Is there a way using C or assembler or maybe even C# to get an accurate measure of how long it takes to execute a ADD instruction?

如果你对这篇内容有疑问,欢迎到本站社区发帖提问 参与讨论,获取更多帮助,或者扫码二维码加入 Web 技术交流群。

扫码二维码加入Web技术交流群

发布评论

需要 登录 才能够评论, 你可以免费 注册 一个本站的账号。

评论(4

西瓜 2024-09-05 09:50:48

是的,有点,但它并不简单,并且产生的结果几乎毫无意义,至少在最合理的现代处理器上是这样。

在相对较慢的处理器上(例如,直到英特尔系列中的原始奔腾处理器,在大多数小型嵌入式处理器上仍然如此),您只需查看处理器的数据表,它(通常)会告诉您预期有多少个时钟周期。快速、简单、容易。

在现代台式机(例如 Pentium Pro 或更新版本)上,情况远没有那么简单。这些 CPU 可以一次执行多条指令,并且只要它们之间不存在任何依赖关系,就可以乱序执行它们。这意味着单个指令所花费的时间的整个概念变得几乎毫无意义。执行一条指令所花费的时间可以并且将取决于它周围的指令。

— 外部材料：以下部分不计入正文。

(* Let $X=[0,1]^{\mathbb N_0}$ with shift $\sigma$, let $h\in C^2([0,1]^2;\mathbb R)$ satisfy $D_2D_1h<0$ on $[0,1]^2$, and $\varphi(\underline{x})=h(x_0,x_1)$. Then the Mañé set is \[N_\varphi=\{\underline{x}\in X: \sigma^i(\underline{x})\neq\sigma^j(\underline{x})\text{ whenever } i\neq j\}\ \cup\ \bigcup_{M\in\mathbb N_0}\sigma^{-M}\big(\{a^\infty: a\in\mathrm{m}_h\}\big).\]
   Context: $X=[0,1]^{\mathbb N_0}$ carries the metric $d_X(\underline{x},\underline{y})=\sum_{i\ge0}|x_i-y_i|/2^{i+1}$, and $\sigma(\underline{x})_i=x_{i+1}$. For Lipschitz $\varphi$, $\alpha_\varphi=\inf_\mu\int\varphi\,d\mu$ over $\sigma$-invariant Borel probability measures. $B(\underline{x},\underline{y},n;\varepsilon)=\{\underline{z}: d_X(\underline{x},\underline{z})<\varepsilon,\ d_X(\sigma^n\underline{z},\underline{y})<\varepsilon\}$, and the Mañé potential is $S_\varphi(\underline{x},\underline{y})=\lim_{\varepsilon\to0}\inf\{\sum_{i=0}^{n-1}(\varphi(\sigma^i\underline{z})-\alpha_\varphi): n\in\mathbb N,\ \underline{z}\in B(\underline{x},\underline{y},n;\varepsilon)\}$. A positive orbit $\{\sigma^n\underline{x}\}_{n\ge0}$ is $\varphi$-semi-static if $\sum_{n=i}^{j-1}(\varphi(\sigma^n\underline{x})-\alpha_\varphi)=S_\varphi(\sigma^i\underline{x},\sigma^j\underline{x})$ for all integers $0\le i<j$. The Mañé set is $N_\varphi=\{\sigma^k(\underline{x}): k\in\mathbb N_0,\ \{\sigma^n\underline{x}\}_{n\ge0}\text{ is }\varphi\text{-semi-static}\}$. $h^*=\min_x h(x,x)$, $\mathrm{m}_h=\{a:h(a,a)=h^*\}$, $a^\infty=aaa\ldots$. *)

theory Defs
  imports "HOL-Analysis.Analysis" "HOL-Probability.Probability"
begin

也就是说,是的,如果你真的愿意,你可以(通常 - 取决于处理器)测量一些东西,尽管它到底意味着什么仍然存在相当大的问题。即使得到这样的结果,只是接近毫无意义而不是完全无意义,但这也不是微不足道的。例如,在 Intel 或 AMD 芯片上,您可以使用 RDTSC 本身进行时序测量。不幸的是,如上所述,这可能会乱序执行。为了获得有意义的结果,您需要用一条不能乱序执行的指令(“序列化指令”)包围它。最常见的选择是 CPUID,因为它是“用户模式”(即环 3)程序可用的少数序列化指令之一。不过,这本身就增加了一些扭曲:根据英特尔的记录,处理器执行 CPUID 的前几次可能比后续时间花费更长的时间。因此,他们建议您在使用它来序列化计时之前先执行它三次。因此,一般序列运行如下:

.align 16
CPUID
CPUID
CPUID
RDTSC
; sequence under test
Add eax, ebx
; end of sequence under test
CPUID
RDTSC

然后将其与执行相同操作但删除了被测试序列的结果进行比较。当然,这遗漏了相当多的细节 - 至少您需要:

  1. 在每个 CPUID 之前正确设置寄存器
  2. 在第一个 RDTSC 之后将值保存在 EAX:EDX 中
  3. 从第一个 RDTSC 中减去第二个 RDTSC 的结果

另请注意“我插入的“align”指令——指令对齐也会影响时序,特别是在涉及循环的情况下。

Yes, sort of, but it's non-trivial and produces results that are almost meaningless, at least on most reasonably modern processors.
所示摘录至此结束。